I wouldn't mind having 2 or even 3 litterboxs in the house! The problem is I go back to America in about a month and until then I live with my bf and he says either the cat pees in the box in the bathroom or it will have to be monitered at all times. Its ridiculous but that's what he said to do! I got the kitten while I was over here and with my 2 cats in America, I have 2 different boxes. 1 is in the laundry room and the other is in the living room. So I will take Sailor to the vet anyways just to make sure he is a healthy cat but I would rather not start problems with the bf by buying a 2nd box. Come to think of it Sailor is getting a bit too big for the box he is in now, so maybe I can just get him a bigger box and new litter and see how he does with that. I will keep the other box on the patio outside until I see how he does with his new one, that way if he doesn't like it I can just bring his old box in. 

As far as eating off the plate, we don't eat at a table, we just eat on the couch and Sailor jumps up and steals stuff off of it. I repeatedly put him down literally 100 times and he jumps right back up. He also will come sit on your shoulder and just watch you eat. He has tried to bat food out of my hands and mouth. He is not starving. I feed him a lot and he is satisfied with his food but he has an obsession with human food. 

Him picking up his biscuits and eating on the floor doesn't bother me at all. It gets annoying cleaning it up but compared to what my cat in America does, it doesn't bother me. My cat in America sits at her water bowl and scoops water up with her paw and tries drinking off her paw then shakes it off on the floor. 

Tillysdream- I didn't disregard the advice, I am just trying to be considerate of my bf. It isn't so worth it when its just 1 more month over here. By the time I get to America, I will buy him all the litterboxes in the world for every room of my apt. I just need to know temporary advice that might help but that might also stick with Sailor so he isn't in and out of bad behaviour. 

I also haven't spayed Sailor and don't plan to. Is that bad?

What age do kittens get stuck in their ways? If he has certain bad habits, can they be broken by a certain age or if I wait too long will he have them forever??


----------



## thompsonk (Jul 4, 2009)

Is he going to be an outdoor cat?

Personally as its only another month I would tell the bf if he doesnt want a 2nd tray for 1 MONTH to try and stop the cat peeing on the carpet or he moves out for the month simple as that! God knows my OH wouldnt win ANY war when it comes to my house (or anything for that matter!)

Neutering him would probably help with the peeing.

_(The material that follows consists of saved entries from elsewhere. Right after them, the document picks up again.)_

(* Assume that $(\hat R,\hat F)$ satisfies conditions (i), (ii) and (iv), and let $M$ be a half-quantum matrix. Then for every $j\ge1$, \[ S^{(2)}_{j,j+1}M_{\bar j}M_{\overline{j+1}}A^{(2)}_{j,j+1}=0, \] and for every $q$-admissible positive integer $k$ and every $i=0,1,2,\dots$, \[ A^{(k)\uparrow i}\,M_{\overline{i+1\to i+k}}\,A^{(k)\uparrow i}=M_{\overline{i+1\to i+k}}\,A^{(k)\uparrow i},\qquad S^{(k)\uparrow i}\,M_{\overline{i+1\to i+k}}\,S^{(k)\uparrow i}=S^{(k)\uparrow i}\,M_{\overline{i+1\to i+k}}. \]
   Context: Let $V$ be a finite-dimensional complex vector space, $\mathrm{Id}$ the identity, $P$ the flip on $V\otimes V$. For an operator $X$ on $V$ (possibly with entries in an associative algebra $\mathfrak A$), $X_j$ denotes $X$ acting in the $j$-th tensor factor of $V^{\otimes m}$; for $Y$ on $V\otimes V$, $Y_{j,k}$ denotes $Y$ in factors $j,k$ and $Y_j:=Y_{j,j+1}$. For $Z$ on $V^{\otimes m}$, $Z^{\uparrow i}:=\mathrm{Id}_{V^{\otimes i}}\otimes Z$. $\mathrm{tr}_{(i_1,\dots,i_k)}$ is the partial trace. $j_q:=q^{j-1}+q^{j-3}+\dots+q^{-j+1}$; $j$ is $q$-admissible if $k_q\ne0$ for $k=1,\dots,j$. Let $q\in\mathbb C^*$, $\hat R,\hat F\in\mathrm{Aut}(V\otimes V)$. Conditions: (i) $\hat R_{12}\hat R_{23}\hat R_{12}=\hat R_{23}\hat R_{12}\hat R_{23}$, $\hat F_{12}\hat F_{23}\hat F_{12}=\hat F_{23}\hat F_{12}\hat F_{23}$, $\hat R_{12}\hat F_{23}\hat F_{12}=\hat F_{23}\hat F_{12}\hat R_{23}$, $\hat F_{12}\hat F_{23}\hat R_{12}=\hat R_{23}\hat F_{12}\hat F_{23}$. (ii) $2$ is $q$-admissible and $\hat R=qS^{(2)}-q^{-1}A^{(2)}$ with $S^{(2)},A^{(2)}$ idempotents, $S^{(2)}+A^{(2)}=\mathrm{Id}$. (iv) there is $\Psi\in\mathrm{Aut}(V\otimes V)$ with $\mathrm{tr}_{(2)}(\Psi_{12}\hat F_{23})=P_{13}$. Higher $q$-(anti)symmetrizers: $A^{(1)}=S^{(1)}=\mathrm{Id}$, and for $k+1$ $q$-admissible, $(k+1)_qA^{(k+1)}:=A^{(k)}(q^k\mathrm{Id}-k_q\hat R_k)A^{(k)}$, $(k+1)_qS^{(k+1)}:=S^{(k)}(q^{-k}\mathrm{Id}+k_q\hat R_k)S^{(k)}$ (equivalently with $A^{(k)\uparrow1},\hat R_1$, resp. $S^{(k)\uparrow1},\hat R_1$). For an $\mathfrak A$-valued $M$ on $V$: $M_{\bar1}:=M_1$, $M_{\overline{k+1}}:=\hat F_kM_{\bar k}\hat F_k^{-1}$, $M_{\overline{l\to k}}:=M_{\bar l}M_{\overline{l+1}}\cdots M_{\bar k}$. A half-quantum matrix is an $\mathfrak A$-valued $M$ with $S^{(2)}_{12}M_{\bar1}M_{\bar2}A^{(2)}_{12}=0$. *)

theory Defs
  imports Complex_Main
begin

text \<open>V = C^n with standard basis indexed by {0..<n}. An operator on the
 m-fold tensor power V^{(x)m} with entries in a type 'b is a matrix indexed by index lists
 of length m (entries of the lists in {0..<n}); only values on valid index lists matter,
 equality of operators is equality on valid indices (meq).\<close>

type_synonym 'b op = "nat list \<Rightarrow> nat list \<Rightarrow> 'b"

definition tidx :: "nat \<Rightarrow> nat \<Rightarrow> nat list set" where
  "tidx n m = {xs. length xs = m \<and> set xs \<subseteq> {..<n}}"

definition mmul :: "nat \<Rightarrow> nat \<Rightarrow> ('b::semiring_0) op \<Rightarrow> 'b op \<Rightarrow> 'b op" where
  "mmul n m X Y = (\<lambda>r c. \<Sum>t\<in>tidx n m. X r t * Y t c)"
lemma integral_monomial_stationary_law:
  assumes pos: "la > 0" "lb > 0" "d > 0" and S: "S \<subseteq> {..<n}"
  shows "integral\<^sup>L (stationary_law la lb d) (monomial S)
    = (la / (la + lb)) ^ card S * moment_factor (d / (la + lb)) n S"
proof -
  have fin: "finite S" using S finite_subset by blast
  have "integral\<^sup>L (stationary_law la lb d) (monomial S)
      = enn2real (\<integral>\<^sup>+A. ennreal (monomial S A) \<partial>stationary_law la lb d)"
    using fin by (intro integral_eq_nn_integral) (auto simp: stationary_law_def monomial_def)
  also have "(\<integral>\<^sup>+A. ennreal (monomial S A) \<partial>stationary_law la lb d)
      = (\<integral>\<^sup>+\<omega>. ennreal (monomial S (sample (d / (la + lb)) (la / (la + lb)) \<omega>)) \<partial>noise_stream)"
    unfolding stationary_law_def using fin by (subst nn_integral_distr[OF measurable_sample]) auto
  also have "\<dots> = ennreal ((la / (la + lb)) ^ card S * moment_factor (d / (la + lb)) n S)"
    using pos S by (intro moment_formula) auto
  finally show ?thesis using pos by (simp add: moment_factor_nonneg)
qed

lemma integral_gen_monomial_stationary_law:
  assumes pos: "la > 0" "lb > 0" "d > 0" and fin: "finite S"
  shows "integral\<^sup>L (stationary_law la lb d) (gen la lb d (monomial S)) = 0"
proof -
  obtain n where S: "S \<subseteq> {..<n}" using fin finite_nat_bounded by blast
  define l where "l = la + lb"
  define K where "K = moment_factor (d / l) n (shift_set S)"
  define m' where "m' = card (shift_set S)"
  have l: "l > 0" using pos by (simp add: l_def)
  have S_Suc: "S \<subseteq> {..<Suc n}" using S by auto
  have card_S: "card S = m' + of_bool (0 \<in> S)"
    using card_shift_set[OF fin] by (simp add: m'_def)
  have "l + d * card S > 0" using l pos by (simp add: add_pos_nonneg)
  then have "(l + d * card S) * (1 / (1 + d / l * card S)) = l"
    using l by (simp add: field_simps)
  moreover have "integral\<^sup>L (stationary_law la lb d) (monomial S)
      = (1 / (1 + d / l * card S)) * ((la / l) ^ card S * K)"
    using integral_monomial_stationary_law[OF pos S_Suc] moment_factor_Suc[OF fin]
    by (simp add: l_def K_def)
  ultimately have S_moment: "(l + d * card S) * integral\<^sup>L (stationary_law la lb d) (monomial S)
      = l * ((la / l) ^ card S * K)"
    by (metis mult.assoc)
  have shifted_moment: "integral\<^sup>L (stationary_law la lb d) (monomial (shift_set S)) = (la / l) ^ m' * K"
    using integral_monomial_stationary_law[OF pos shift_set_subset[OF S_Suc]]
    by (simp add: l_def K_def m'_def)
  have "integral\<^sup>L (stationary_law la lb d) (gen la lb d (monomial S))
      = (la + lb * of_bool (0 \<notin> S)) * ((la / l) ^ m' * K) - l * ((la / l) ^ card S * K)"
    using config_prob.integral_gen_monomial[OF config_prob_stationary_law fin] S_moment shifted_moment
    by (simp add: l_def)
  also have "\<dots> = 0"
    using l by (cases "0 \<in> S") (simp_all add: card_S l_def)
  finally show ?thesis .
qed

lemma integral_trunc_gen_stationary_law:
  assumes pos: "la > 0" "lb > 0" "d > 0"
  shows "f \<in> monomial_span n \<Longrightarrow> integrable (stationary_law la lb d) (trunc_gen la lb d n f)
    \<and> integral\<^sup>L (stationary_law la lb d) (trunc_gen la lb d n f) = 0"
proof (induction rule: monomial_span.induct)
  case (monomial S)
  interpret config_prob "stationary_law la lb d" by (rule config_prob_stationary_law)
  have fin: "finite S" "finite (shift_set S)"
    using monomial finite_subset finite_shift_set by auto
  have "trunc_gen la lb d n (monomial S) = (\<lambda>A. (la + lb * of_bool (0 \<notin> S)) * monomial (shift_set S) A
      - (la + lb + d * card S) * monomial S A)"
    using trunc_gen_monomial[OF monomial] by auto
  moreover have "trunc_gen la lb d n (monomial S) = gen la lb d (monomial S)"
    using gen_eq_trunc_gen[OF local_to_monomial[OF monomial]] by auto
  ultimately show ?case
    using integral_gen_monomial_stationary_law[OF pos fin(1)] fin by auto
next
  case (add f g)
  have "trunc_gen la lb d n (\<lambda>A. f A + g A) = (\<lambda>A. trunc_gen la lb d n f A + trunc_gen la lb d n g A)"
    by (simp add: fun_eq_iff trunc_gen_add)
  then show ?case using add.IH by simp
next
  case (scale f c)
  have "trunc_gen la lb d n (\<lambda>A. c * f A) = (\<lambda>A. c * trunc_gen la lb d n f A)"
    by (simp add: fun_eq_iff trunc_gen_scale)
  then show ?case using scale.IH by simp
qed
lemma cinner_minus_right: "cinner x (- y::'a::complex_inner) = - cinner x y"
  using cinner_scaleC_right[of x "-1" y] by (simp add: scaleC.scale_minus_left scaleC_one)

lemma cinner_minus_left: "cinner (- x) (y::'a::complex_inner) = - cinner x y"
  by (subst (1 2) cinner_conj_sym) (simp add: cinner_minus_right)

lemma cinner_diff_right: "cinner x (y - z::'a::complex_inner) = cinner x y - cinner x z"
  by (simp only: diff_conv_add_uminus cinner_add_right cinner_minus_right)

lemma cinner_diff_left: "cinner (x - y) (z::'a::complex_inner) = cinner x z - cinner y z"
  by (simp only: diff_conv_add_uminus cinner_add_left cinner_minus_left)

lemma cinner_sum_right: "cinner x (\<Sum>k\<in>A. y k) = (\<Sum>k\<in>A. cinner x (y k::'a::complex_inner))"
  by (induction A rule: infinite_finite_induct) (auto simp: cinner_add_right)

lemmas cinner_simps = cinner_add_left cinner_add_right cinner_diff_left cinner_diff_right
  cinner_minus_left cinner_minus_right cinner_scaleC_left cinner_scaleC_right

lemma cinner_eq_zero_sym: "cinner x y = 0 \<longleftrightarrow> cinner y (x::'a::complex_inner) = 0"
  by (metis cinner_conj_sym complex_cnj_zero_iff)

lemma cinner_self: "cinner x (x::'a::complex_inner) = complex_of_real ((norm x)\<^sup>2)"
proof -
  have "Im (cinner x x) = 0"
    by (metis cinner_conj_sym cnj.sel(2) neg_equal_zero)
  moreover have "(norm x)\<^sup>2 = Re (cinner x x)"
    using cinner_nonneg[of x] by (simp add: norm_eq_sqrt_cinner)
  ultimately show ?thesis by (simp add: complex_eq_iff)
qed

lemma norm_scaleC: "norm (c *\<^sub>C (x::'a::complex_inner)) = cmod c * norm x"
proof -
  have "complex_of_real ((norm (c *\<^sub>C x))\<^sup>2) = cinner (c *\<^sub>C x) (c *\<^sub>C x)"
    by (rule cinner_self[symmetric])
  also have "\<dots> = cnj c * c * cinner x x"
    by (simp add: cinner_simps)
  also have "\<dots> = complex_of_real ((cmod c * norm x)\<^sup>2)"
  proof -
    have "cnj c * c = complex_of_real ((cmod c)\<^sup>2)"
      by (metis complex_norm_square mult.commute of_real_power)
    then show ?thesis by (simp only: cinner_self power_mult_distrib of_real_mult)
  qed
  finally show ?thesis
    by (simp only: of_real_eq_iff power2_eq_iff_nonneg norm_ge_zero zero_le_mult_iff) simp
qed

lemma norm_cinner_le: "cmod (cinner x (y::'a::complex_inner)) \<le> norm x * norm y"
proof (cases "y = 0")
  case False
  define a where "a = cinner y x"
  define N where "N = (norm y)\<^sup>2"
  define t where "t = a / complex_of_real N"
  have N: "N > 0" using False by (simp add: N_def)
  have yy: "cinner y y = complex_of_real N" unfolding N_def by (rule cinner_self)
  have xy: "cinner x y = cnj a" unfolding a_def by (rule cinner_conj_sym)
  \<comment> \<open>The residual of x after projecting onto y has nonnegative square norm.\<close>
  have "0 \<le> Re (cinner (x - t *\<^sub>C y) (x - t *\<^sub>C y))" by (rule cinner_nonneg)
  also have "cinner (x - t *\<^sub>C y) (x - t *\<^sub>C y)
      = cinner x x - t * cinner x y - cnj t * cinner y x + cnj t * t * cinner y y"
    by (simp only: cinner_simps) (simp add: algebra_simps)
  also have "\<dots> = cinner x x - complex_of_real ((cmod a)\<^sup>2 / N)"
    using N complex_norm_square[of a] by (simp add: t_def yy xy a_def[symmetric] field_simps)
  finally have "(cmod a)\<^sup>2 \<le> (norm x)\<^sup>2 * N"
    using N by (simp add: cinner_self field_simps)
  then have "(cmod (cinner x y))\<^sup>2 \<le> (norm x * norm y)\<^sup>2"
    by (simp add: xy N_def power_mult_distrib)
  then show ?thesis by (simp add: abs_le_square_iff)
qed simp

lemma bounded_bilinear_cinner: "bounded_bilinear (cinner :: 'a::complex_inner \<Rightarrow> 'a \<Rightarrow> complex)"
proof
  fix a a' b b' :: 'a and r :: real
  show "cinner (a + a') b = cinner a b + cinner a' b" by (rule cinner_add_left)
  show "cinner a (b + b') = cinner a b + cinner a b'" by (rule cinner_add_right)
  show "cinner (r *\<^sub>R a) b = r *\<^sub>R cinner a b" "cinner a (r *\<^sub>R b) = r *\<^sub>R cinner a b"
    by (simp_all add: scaleR_scaleC cinner_simps scaleC_complex_def)
  show "\<exists>K. \<forall>a b. norm (cinner a (b::'a)) \<le> norm a * norm b * K"
    by (rule exI[of _ 1]) (simp add: norm_cinner_le)
qed

lemma bounded_bilinear_scaleC: "bounded_bilinear (scaleC :: complex \<Rightarrow> 'a::complex_inner \<Rightarrow> 'a)"
proof
  fix a a' :: complex and b b' :: 'a and r :: real
  show "(a + a') *\<^sub>C b = a *\<^sub>C b + a' *\<^sub>C b" by (rule scaleC_add_left)
  show "a *\<^sub>C (b + b') = a *\<^sub>C b + a *\<^sub>C b'" by (rule scaleC_add_right)
  show "(r *\<^sub>R a) *\<^sub>C b = r *\<^sub>R (a *\<^sub>C b)" "a *\<^sub>C (r *\<^sub>R b) = r *\<^sub>R (a *\<^sub>C b)"
    by (simp_all add: scaleR_scaleC scaleC_scaleC scaleC_complex_def mult.commute)
  show "\<exists>K. \<forall>a b. norm (a *\<^sub>C (b::'a)) \<le> norm a * norm b * K"
    by (rule exI[of _ 1]) (simp add: norm_scaleC)
qed

lemma norm_le_if_cinner_le:
  assumes "\<And>v. norm v = 1 \<Longrightarrow> cmod (cinner v x) \<le> C" and "C \<ge> 0"
  shows "norm (x::'a::complex_inner) \<le> C"
proof (cases "x = 0")
  case False
  define v where "v = complex_of_real (1 / norm x) *\<^sub>C x"
  have "norm v = 1"
    using False by (simp add: v_def norm_scaleC norm_divide)
  have "cinner v x = complex_of_real (1 / norm x) * complex_of_real ((norm x)\<^sup>2)"
    by (simp add: v_def cinner_scaleC_left cinner_self)
  also have "\<dots> = complex_of_real (norm x)"
    using False by (simp add: power2_eq_square)
  finally have "norm x = cmod (cinner v x)"
    by simp
  also have "\<dots> \<le> C"
    by (rule assms(1)) fact
  finally show ?thesis .
qed (use assms in simp)

lemma unit_scaleC_normalize:
  assumes "w \<noteq> 0"
  shows "cinner (complex_of_real (1 / norm w) *\<^sub>C w) (complex_of_real (1 / norm w) *\<^sub>C w) = 1"
    and "cinner (complex_of_real (1 / norm w) *\<^sub>C w) (w::'a::complex_inner) = complex_of_real (norm w)"
  using assms by (simp_all only: cinner_scaleC_left cinner_scaleC_right)
    (simp_all add: cinner_self power2_eq_square)

lemma scaleC_add_self: "x + x = (2::complex) *\<^sub>C (x::'a::complex_vector)"
  using scaleC_add_left[of 1 1 x] by (simp add: scaleC_one)

lemma differentiable_cinner:
  "x differentiable (at z) \<Longrightarrow> y differentiable (at z) \<Longrightarrow> (\<lambda>z. cinner (x z) (y z)) differentiable (at z)"
  unfolding differentiable_def using bounded_bilinear.FDERIV[OF bounded_bilinear_cinner] by blast

lemma differentiable_inverse_norm:
  fixes w :: "complex \<Rightarrow> 'a::complex_inner"
  assumes w: "w differentiable (at z)" "w z \<noteq> 0"
  shows "(\<lambda>z. complex_of_real (1 / norm (w z))) differentiable (at z)"
proof -
  define r where "r z = Re (cinner (w z) (w z))" for z
  have "(\<lambda>z. cinner (w z) (w z)) differentiable (at z)"
    using w(1) w(1) by (rule differentiable_cinner)
  then have "(Re \<circ> (\<lambda>z. cinner (w z) (w z))) differentiable (at z)"
    by (rule differentiable_chain_at) (rule bounded_linear_imp_differentiable[OF bounded_linear_Re])
  then have r: "r differentiable (at z)"
    by (simp add: r_def[abs_def] o_def)
  have "r z > 0" using w(2) by (simp add: r_def cinner_self)
  then have "(\<lambda>t. complex_of_real (1 / sqrt t)) differentiable (at (r z))"
    by (auto intro!: derivative_eq_intros simp: differentiable_def has_field_derivative_def[symmetric])
  from differentiable_chain_at[OF r this] show ?thesis
    by (simp add: o_def r_def norm_eq_sqrt_cinner)
qed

As for the eating off the plate,as a last resort I would put him out the room when you are eating.

xx


----------



## Guest (Sep 29, 2009)

Hi my cat will not wee in his tray if he has poo'd, he runs to us when he has been so I change it, then straight after he poo's. I feed raw so he poo's once every two day's.
It's better to feed on a plate rather than from a bowl especially if cat is white. (Some say to lift it a lil higher helps with digestion), but never tried this.


----------



## spid (Nov 4, 2008)

If you want an entire male around, getting into fights when he defends his territroy (and the ensuing vets bills) and spray marking his territory (possibly inthe house as well as outside - very smelly) then don't neuter him. He will change his character in al likelihood and become more domineering and agressive. I'd certainly have it done ASAP as hormones could be kicking in now. 

If you bf can't deal with 2 trays for a month (rather than pee on the carpets)then he needs his head examining - he needs to learn to be considerate to you too! Just my opinion - but my hubby wouldn't get away with treating me or the cats like that.

Use a water bottle to spray the cat when he tries to eat off your plate and when he does keep on doing it - put him out of the room.


----------



## tara87 (Sep 24, 2009)

It is my bfs house that we stay in though. I came over here for holiday and am supposed to go back in November. While being over here his friends cat had kittens and I fell in love with one so I took him. Sailor is outdoors but sleeps inside at night and if its raining or too cold, he will stay indoors during the day as well. I can't always be watching him to make sure he doesn't pee on the floor. I also can't tell my bf to leave lol considering its his house. If it were my own place I wouldn't mind having 2 or 3 litterboxes, as long as my cat wasn't peeing on the carpet, I don't mind what it takes. 

I feel bad neutering Sailor. I don't think that is the main cause of him peeing on the carpet. I will take him to the vets soon anyway but like I have stated, if there are any ideas at all on how to fix the problem, they are much appreciated.


----------



## tara87 (Sep 24, 2009)

Spid- What do you mean if I want an entire male around? If I neuter him and his personality changes, are you saying it will become domineering and aggressive or it will be that way if I DON'T neuter? 

Yeah the other problem is that we live in a very small cottage so there isn't much room for a 2nd litterbox anyway! My bf says its unhygenic to have so many litterboxes and he says outdoor cats should be going outdoors to the bathroom. He doesn't know of anyone who has litterboxes inside, much less 2of them!! When I bring Sailor back to America, I will be deciding how many boxes he has and waht not and I am perfectly fine with 2 boxes considering that is how I many I have at my moms house with my 2 other cats. 

Lol, my cats are my babies so I try and do what I can to make sure Sailor doesn't get in trouble by peeing on the carpet but I also don't want to piss the bf off. He has been quite considerate in a lot of areas with Sailor and I can see his frustration bout peeing on the carpet but yeah, I wish I could have a 2nd box around at times.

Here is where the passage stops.